I believe this hangs when you have all N workers waiting on input <- url
, and hence there are no more workers taking stuff out of input
. In other words, if 4 URLs fail roughly at the same time, it will hang.
The solution is to send failed URLs to some place that is not the input channel for the workers (to avoid deadlock).
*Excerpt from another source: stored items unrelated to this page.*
(* Let $A\in\mathbb{R}^{n\times n}$. (a) For every integer $k\ge0$, $(A\,\underline{\otimes}\, I)^k = (I\,\underline{\otimes}\, A)^k = \frac{1}{2^k}\sum_{i=0}^k\binom{k}{i}A^{k-i}\,\underline{\otimes}\, A^i$. (b) $\exp(A\,\underline{\oplus}\, A) = \exp(A)\,\underline{\otimes}\,\exp(A)$. (c) In general $\exp(A\,\underline{\oplus}\, B)\ne\exp(A)\,\underline{\otimes}\,\exp(B)$; i.e., there exist $n$ and $A,B\in\mathbb{R}^{n\times n}$ with $\exp(A\,\underline{\oplus}\, B)\ne\exp(A)\,\underline{\otimes}\,\exp(B)$.
   Context: Let $\underline{n}=n(n+1)/2$, $\operatorname{vec}$ column-stacking vectorization, $\otimes$ the Kronecker product, $e_1,\dots,e_n$ the standard basis. Enumerate pairs $(r,c)$, $1\le r\le c\le n$, in the order $(1,1),\dots,(1,n),(2,2),\dots,(2,n),\dots,(n,n)$ as $(r(\ell),c(\ell))$, $\ell=1,\dots,\underline{n}$; set $E_\ell=e_{r(\ell)}e_{r(\ell)}^T$ if $r(\ell)=c(\ell)$ and $E_\ell=\frac{\sqrt2}{2}(e_{r(\ell)}e_{c(\ell)}^T+e_{c(\ell)}e_{r(\ell)}^T)$ otherwise; $W_n\in\mathbb{R}^{\underline{n}\times n^2}$ has $\ell$-th row $\operatorname{vec}(E_\ell)^T$. The symmetric Kronecker product of $A,B\in\mathbb{R}^{n\times n}$ is $A\,\underline{\otimes}\, B = W_n(A\otimes B)W_n^T\in\mathbb{R}^{\underline{n}\times\underline{n}}$, and the symmetric Kronecker sum is $A\,\underline{\oplus}\, B = A\,\underline{\otimes}\, I + I\,\underline{\otimes}\, B$. $\exp$ is the matrix exponential. *)

theory Defs
  imports Complex_Main "Jordan_Normal_Form.Matrix"
begin

definition tri :: "nat \<Rightarrow> nat" where
  "tri n = n * (n + 1) div 2"

definition sym_pairs :: "nat \<Rightarrow> (nat \<times> nat) list" where
  "sym_pairs n = concat (map (\<lambda>r. map (\<lambda>c. (r, c)) [r..<n]) [0..<n])"

definition sym_basis :: "nat \<Rightarrow> nat \<Rightarrow> real mat" where
  "sym_basis n l = (let (r, c) = sym_pairs n ! l in
     if r = c then mat n n (\<lambda>(a, b). if a = r \<and> b = r then 1 else 0)
     else mat n n (\<lambda>(a, b). (sqrt 2 / 2) *
        ((if a = r \<and> b = c then 1 else 0) + (if a = c \<and> b = r then 1 else 0))))"

(* column-stacking vectorization *)
definition vecm :: "'a mat \<Rightarrow> 'a vec" where
  "vecm M = vec (dim_row M * dim_col M) (\<lambda>m. M $$ (m mod dim_row M, m div dim_row M))"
One possibility is to have a separate failed
channel, with the anonymous goroutine always accepting input from it. Like this (not tested):
package main
func worker(intput chan string, output chan SiteData, failed chan string) {
for url := range input {
// ...
if resp != nil && status == 200 {
output <- processSideData(resp)
} else {
failed <- url
}
}
}
func crawl(urlList []string) {
numWorkers := 4
input := make(chan string)
failed := make(chan string)
output := make(chan SiteData)
// spawn workers
for i := 0; i < numWorkers; i++ {
go worker(input, output, failed)
}
// Dispatch URLs to the workers, also receive failures from them.
go func() {
for {
select {
case input <- urlList[0]:
urlList = urlList[1:]
case url := <-failed:
urlList = append(urlList, url)
}
}
}()
// wait for the results
for {
data := <-output
saveToDB(data)
}
}
func main() {
urlList := loadLinksFromDB()
crawl(urlList)
}
(Note how it is correct, as you say in your commentary, not to use for _, _ = range urlList { // read output }
in your crawl()
function, because URLs can be re-enqueued; but you don’t need select either as far as I can tell.)